The transfer of war crimes suspects to the International Criminal Tribunal for the former Yugoslavia (ICTY) in The Hague was a prerequisite for the formal start of the EU negotiations. Though they included Croats considered national heroes, all indicted suspects were extradited. In April 2011, the court convicted two generals, Ante Gotovina and Mladen Markac, to prison sentences of 24 and 18 years respectively. There was a public outcry in Croatia, but no mass protests. In November 2012, the ICTY overturned the verdict and set both men free. The appeals chamber found – with 3 to 2 votes – that Gotovina and Markac had not been part of a joint criminal enterprise to expel Serbs from Croatia's Krajina region during and after "Operation Storm".
As regional cooperation was one of the EU's requirements, Croatia also had to reconcile with its wartime enemies. Croatian and Serbian presidents apologized for atrocities committed during the war in Croatia. In Bosnia and Herzegovina's parliament in April 2010, Croatia's Ivo Josipovic talked about the war in Bosnia, citing the destruction, killing and suffering which accompanied it. He added:
"I deeply regret that the Republic of Croatia with its policies of the 1990s contributed to that as well. I deeply regret that such a Croatian policy contributed to the suffering of people and to divisions that trouble us still today."
Even though it blamed the rebellion of Serb separatists in 1991 for the destruction, displacement and enormous human suffering endured by its people during the war, Croatia also had to remove obstacles to the return of Serb refugees.
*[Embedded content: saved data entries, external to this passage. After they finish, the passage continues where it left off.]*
text \<open>If the code of a permutation sigma determines, for
  each position c, a set of at most k candidates containing inv sigma c, then at most k^m
  permutations share any given code: sigma is determined by the vector of the inv sigma c.\<close>
lemma permutation_fibre_bound:
  fixes code :: "(nat \<Rightarrow> nat) \<Rightarrow> 'c" and A :: "'c \<Rightarrow> nat \<Rightarrow> nat set"
  assumes decode: "\<And>\<sigma> c. \<sigma> permutes {..<m} \<Longrightarrow> c < m \<Longrightarrow> inv \<sigma> c \<in> A (code \<sigma>) c"
    and few: "\<And>\<sigma> c. \<sigma> permutes {..<m} \<Longrightarrow> c < m \<Longrightarrow> finite (A (code \<sigma>) c) \<and> card (A (code \<sigma>) c) \<le> k"
  shows "card {\<sigma>. \<sigma> permutes {..<m} \<and> code \<sigma> = D} \<le> k ^ m"
proof (cases "\<exists>\<sigma>. \<sigma> permutes {..<m} \<and> code \<sigma> = D")
  case False
  then have "{\<sigma>. \<sigma> permutes {..<m} \<and> code \<sigma> = D} = {}" by auto
  then show ?thesis by (metis card.empty le0)
next
  case True
  then obtain \<sigma>\<^sub>0 where \<sigma>\<^sub>0: "\<sigma>\<^sub>0 permutes {..<m}" "code \<sigma>\<^sub>0 = D" by blast
  define fibre where "fibre = {\<sigma>. \<sigma> permutes {..<m} \<and> code \<sigma> = D}"
  define decoded where "decoded \<sigma> = restrict (inv \<sigma>) {..<m}" for \<sigma> :: "nat \<Rightarrow> nat"
  have "inj_on decoded fibre"
  proof (rule inj_onI)
    fix \<sigma> \<tau> assume "\<sigma> \<in> fibre" "\<tau> \<in> fibre" and eq: "decoded \<sigma> = decoded \<tau>"
    then have perm: "inv \<sigma> permutes {..<m}" "inv \<tau> permutes {..<m}"
      by (auto simp: fibre_def permutes_inv)
    have "inv \<sigma> x = inv \<tau> x" for x
      using fun_cong[OF eq, of x] permutes_not_in[OF perm(1)] permutes_not_in[OF perm(2)]
      by (cases "x < m") (auto simp: decoded_def)
    then have "inv \<sigma> = inv \<tau>" by blast
    with \<open>\<sigma> \<in> fibre\<close> \<open>\<tau> \<in> fibre\<close> show "\<sigma> = \<tau>"
      unfolding fibre_def by (metis mem_Collect_eq permutes_inv_inv)
  qed
  moreover have "decoded ` fibre \<subseteq> PiE {..<m} (A D)"
    using decode by (auto simp: image_subset_iff fibre_def decoded_def Pi_iff)
  moreover have "finite (PiE {..<m} (A D))"
    using few \<sigma>\<^sub>0 by (intro finite_PiE) auto
  ultimately have "card fibre \<le> card (PiE {..<m} (A D))"
    by (metis card_image card_mono)
  also have "\<dots> = (\<Prod>c<m. card (A D c))" by (simp add: card_PiE)
  also have "\<dots> \<le> (\<Prod>c<m. k)" using few \<sigma>\<^sub>0 by (intro prod_mono) auto
  finally show ?thesis by (simp add: fibre_def)
qed

lemma permutation_code_bound:
  fixes code :: "(nat \<Rightarrow> nat) \<Rightarrow> 'c" and A :: "'c \<Rightarrow> nat \<Rightarrow> nat set"
  assumes "finite Codes" and codes: "\<And>\<sigma>. \<sigma> permutes {..<m} \<Longrightarrow> code \<sigma> \<in> Codes"
    and decode: "\<And>\<sigma> c. \<sigma> permutes {..<m} \<Longrightarrow> c < m \<Longrightarrow> inv \<sigma> c \<in> A (code \<sigma>) c"
    and few: "\<And>\<sigma> c. \<sigma> permutes {..<m} \<Longrightarrow> c < m \<Longrightarrow> finite (A (code \<sigma>) c) \<and> card (A (code \<sigma>) c) \<le> k"
  shows "fact m \<le> card Codes * k ^ m"
proof -
  define fibre where "fibre D = {\<sigma>. \<sigma> permutes {..<m} \<and> code \<sigma> = D}" for D
  have "{\<sigma>. \<sigma> permutes {..<m}} = (\<Union>D\<in>Codes. fibre D)"
    using codes by (auto simp: fibre_def)
  then have "fact m = card (\<Union>D\<in>Codes. fibre D)"
    by (metis card_permutations card_lessThan finite_lessThan)
  also have "\<dots> \<le> (\<Sum>D\<in>Codes. card (fibre D))" by (rule card_UN_le[OF \<open>finite Codes\<close>])
  also have "\<dots> \<le> (\<Sum>D\<in>Codes. k ^ m)"
    unfolding fibre_def by (intro sum_mono permutation_fibre_bound[OF decode few])
  finally show ?thesis by simp
qed

lemma card_bounded_bool_lists: "card {xs :: bool list. length xs \<le> L} < 2 ^ (L + 1)"
proof -
  have "card {xs :: bool list. length xs \<le> L} = (\<Sum>i\<le>L. 2 ^ i)"
    using card_lists_length_le[of "UNIV :: bool set" L] by simp
  also have "\<dots> < 2 ^ (L + 1)" by (induction L) auto
  finally show ?thesis .
qed

text \<open>If the oracle had ratio r with r * k * d < s, its
  datastructure would determine each inv sigma c up to the k indices returned on query F c;
  hence m! <= 2^(L+1) * k^m, contradicting the hypothesis on the storage bound L.\<close>
lemma packing_lower_bound:
  fixes F :: "nat \<Rightarrow> nat set"
  assumes adm: "coverage_oracle k st dy" and "k \<ge> 1"
    and F_items: "\<And>c. c < m \<Longrightarrow> F c \<subseteq> {1..n}"
    and F_size: "\<And>c. c < m \<Longrightarrow> card (F c) = s"
    and F_overlap: "\<And>c c'. c < m \<Longrightarrow> c' < m \<Longrightarrow> c \<noteq> c' \<Longrightarrow> card (F c \<inter> F c') \<le> d"
    and storage: "\<And>I. set_system n m I \<Longrightarrow> length (st n m k I) \<le> L"
    and too_many: "2 ^ (L + 1) * k ^ m < fact m"
    and r_nonneg: "0 \<le> r" and r_small: "r * real (k * d) < real s"
  shows "\<not> ratio_at_most st dy n m k r"
proof
  assume ratio: "ratio_at_most st dy n m k r"
  define Sys where "Sys \<sigma> = map (\<lambda>j. F (\<sigma> j)) [0..<m]" for \<sigma> :: "nat \<Rightarrow> nat"
  have Sys_nth: "j < m \<Longrightarrow> Sys \<sigma> ! j = F (\<sigma> j)" for \<sigma> j by (simp add: Sys_def)
  have sys: "set_system n m (Sys \<sigma>)" if "\<sigma> permutes {..<m}" for \<sigma>
    using F_items permutes_in_image[OF that] by (auto simp: set_system_def Sys_def)
  have decode: "inv \<sigma> c \<in> dy (st n m k (Sys \<sigma>)) (F c)"
    if \<sigma>: "\<sigma> permutes {..<m}" and c: "c < m" for \<sigma> c
  proof -
    have j: "inv \<sigma> c < m" and \<sigma>j: "\<sigma> (inv \<sigma> c) = c"
      using c permutes_in_image[OF permutes_inv[OF \<sigma>]] permutes_inverses(1)[OF \<sigma>] by auto
    have "card (Sys \<sigma> ! i \<inter> Sys \<sigma> ! inv \<sigma> c) \<le> d" if "i < m" "i \<noteq> inv \<sigma> c" for i
    proof -
      have "\<sigma> i \<noteq> c" using that(2) permutes_inverses(2)[OF \<sigma>] by metis
      then show ?thesis
        using that(1) j \<sigma>j c permutes_in_image[OF \<sigma>] by (simp add: Sys_nth F_overlap)
    qed
    moreover have "card (Sys \<sigma> ! inv \<sigma> c) = s" using F_size[OF c] by (simp add: Sys_nth[OF j] \<sigma>j)
    ultimately have "inv \<sigma> c \<in> dy (st n m k (Sys \<sigma>)) (Sys \<sigma> ! inv \<sigma> c)"
      using oracle_returns_query_set[OF adm \<open>k \<ge> 1\<close> sys[OF \<sigma>] j _ _ ratio r_nonneg r_small] by blast
    then show ?thesis by (simp add: Sys_nth[OF j] \<sigma>j)
  qed
  have "fact m \<le> card {xs :: bool list. length xs \<le> L} * k ^ m"
  proof (rule permutation_code_bound[where code = "\<lambda>\<sigma>. st n m k (Sys \<sigma>)"])
    show "finite {xs :: bool list. length xs \<le> L}"
      using finite_lists_length_le[of "UNIV :: bool set" L] by simp
    show "st n m k (Sys \<sigma>) \<in> {xs. length xs \<le> L}" if "\<sigma> permutes {..<m}" for \<sigma>
      using storage[OF sys[OF that]] by simp
    show "inv \<sigma> c \<in> dy (st n m k (Sys \<sigma>)) (F c)" if "\<sigma> permutes {..<m}" "c < m" for \<sigma> c
      using decode[OF that] .
    show "finite (dy (st n m k (Sys \<sigma>)) (F c)) \<and> card (dy (st n m k (Sys \<sigma>)) (F c)) \<le> k"
      if "\<sigma> permutes {..<m}" "c < m" for \<sigma> c
      using oracle_answer[OF adm sys[OF that(1)] F_items[OF that(2)]] finite_subset by blast
  qed
  also have "\<dots> < 2 ^ (L + 1) * k ^ m"
    using card_bounded_bool_lists[of L] \<open>k \<ge> 1\<close> by simp
  finally show False using too_many by simp
qed

lemma eq_if_dvd_diff_small:
  fixes a b p :: nat
  assumes "a < p" and "b < p" and "int p dvd int a - int b"
  shows "a = b"
proof -
  have "int (a mod p) = int (b mod p)"
    using assms(3) by (simp add: of_nat_mod mod_eq_dvd_iff)
  then show ?thesis using assms(1,2) by simp
qed

lemma card_roots_mod_prime:
  fixes f :: "int poly"
  assumes "prime p" and "\<not> [:int p:] dvd f"
  shows "card {x \<in> {..<p}. int p dvd poly f (int x)} \<le> degree f"
  using assms(2)
proof (induction "degree f" arbitrary: f)
  case 0
  then obtain c where f: "f = [:c:]" by (metis degree_eq_zeroE)
  with 0 have "{x \<in> {..<p}. int p dvd poly f (int x)} = {}" by auto
  then show ?case by (metis card.empty le0)
next
  case (Suc d f)
  define roots where "roots h = {x \<in> {..<p}. int p dvd poly h (int x)}" for h :: "int poly"
  show ?case
  proof (cases "roots f = {}")
    case True
    then show ?thesis unfolding roots_def by (metis card.empty le0)
  next
    case False
    then obtain r where r: "r < p" "int p dvd poly f (int r)" by (auto simp: roots_def)
    define g where "g = synthetic_div f (int r)"
    have f_eq: "f = [:- int r, 1:] * g + [:poly f (int r):]"
      unfolding g_def by (rule synthetic_div_correct'[symmetric])
    have "degree g = d" using Suc(2) by (simp add: g_def degree_synthetic_div)
    moreover have "\<not> [:int p:] dvd g"
    proof
      assume "[:int p:] dvd g"
      moreover have "[:int p:] dvd [:poly f (int r):]" using r(2) by simp
      ultimately have "[:int p:] dvd f" by (subst f_eq) (intro dvd_add dvd_mult)
      then show False using Suc(3) by simp
    qed
    ultimately have IH: "card (roots g) \<le> d" using Suc(1) unfolding roots_def by blast
    have "roots f \<subseteq> insert r (roots g)"
    proof
      fix x assume x: "x \<in> roots f"
      have "poly f (int x) = (int x - int r) * poly g (int x) + poly f (int r)"
        by (subst f_eq) (simp add: algebra_simps)
      then have "int p dvd (int x - int r) * poly g (int x)"
        using x r(2) by (simp add: roots_def dvd_add_left_iff)
      then have "int p dvd int x - int r \<or> int p dvd poly g (int x)"
        using \<open>prime p\<close> by (simp add: prime_dvd_mult_iff)
      then show "x \<in> insert r (roots g)"
        using x r(1) eq_if_dvd_diff_small[of x p r] by (auto simp: roots_def)
    qed
    then have "card (roots f) \<le> card (insert r (roots g))"
      by (intro card_mono) (auto simp: roots_def)
    also have "\<dots> \<le> Suc d" using IH by (simp add: card_insert_if roots_def)
    finally show ?thesis using Suc(2) by (simp add: roots_def)
  qed
qed

lemma eq_mod_power_if_digits_eq:
  fixes c c' p :: nat
  assumes "\<forall>i<d. c div p ^ i mod p = c' div p ^ i mod p"
  shows "c mod p ^ d = c' mod p ^ d"
  using assms
proof (induction d)
  case (Suc d)
  have "x mod p ^ Suc d = p ^ d * (x div p ^ d mod p) + x mod p ^ d" for x
    by (metis power_Suc2 mod_mult2_eq)
  then show ?case using Suc by simp
qed simp

definition grid_item :: "nat \<Rightarrow> nat \<Rightarrow> nat \<Rightarrow> nat" where
  "grid_item p x y = 1 + x * p + y"

text \<open>The value at x of the polynomial whose i-th coefficient is the i-th base-p digit of c,
  for the d lowest digits.\<close>
definition digit_poly :: "nat \<Rightarrow> nat \<Rightarrow> nat \<Rightarrow> nat \<Rightarrow> nat" where
  "digit_poly p d c x = (\<Sum>i<d. (c div p ^ i mod p) * x ^ i)"

text \<open>The graph of that polynomial modulo p, as a set of grid items.  These sets are the
  packing of the construction: p items each, and any two meet in at most d items.\<close>
definition poly_graph :: "nat \<Rightarrow> nat \<Rightarrow> nat \<Rightarrow> nat set" where
  "poly_graph p d c = (\<lambda>x. grid_item p x (digit_poly p d c x mod p)) ` {..<p}"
In December 2008, Croatia ran into turbulence when neighbouring Slovenia blocked its accession negotiations with the EU due to a bilateral dispute over the demarcation of the two countries' maritime border and a few scraps of land. After a year of squabbling, in September 2009 the two finally agreed to a compromise formula brokered by Sweden, then holding the EU presidency: international arbitrators would make a binding decision, but the process would start only once Croatia's EU accession treaty was signed. (In October 2011, the Croatian parliament adopted a Declaration on European Values which states that Croatia would not use bilateral issues to block other Balkan countries' accession negotiations.)
One of the last hurdles in the accession process was corruption. The EU insisted that the low-profile cases launched during the premiership of Ivo Sanader – who had made great strides towards EU membership before resigning abruptly in mid-2009 – were not enough. With a green light from Sanader's successor Jadranka Kosor (also from the HDZ), the chief state prosecutor aimed higher, indicting former ministers and state officials. In November 2012 Sanader himself was sentenced by a first instance court to 10 years imprisonment for taking bribes from the Austrian Hypo Alpe Adria Bank and the Hungarian oil company MOL.
Growing scepticism towards EU enlargement in countries like Germany and France increased the pressure on the candidate states. EU members began to impose specific conditions for the opening and closing of negotiation chapters (so-called opening and closing benchmarks). Furthermore, more emphasis than in earlier enlargements was placed on the implementation of new legislation. Even now that the accession treaty is signed, Croatia's performance will be closely monitored until it officially becomes a member.
On 22 January 2012 Croatian citizens voted in a referendum on Croatia's accession to the EU. Two-thirds supported Croatia's EU membership.
A country still isolated in 1999 due to the views and policies of its late president Franjo Tudjman is now a model for other EU hopefuls in the Balkans.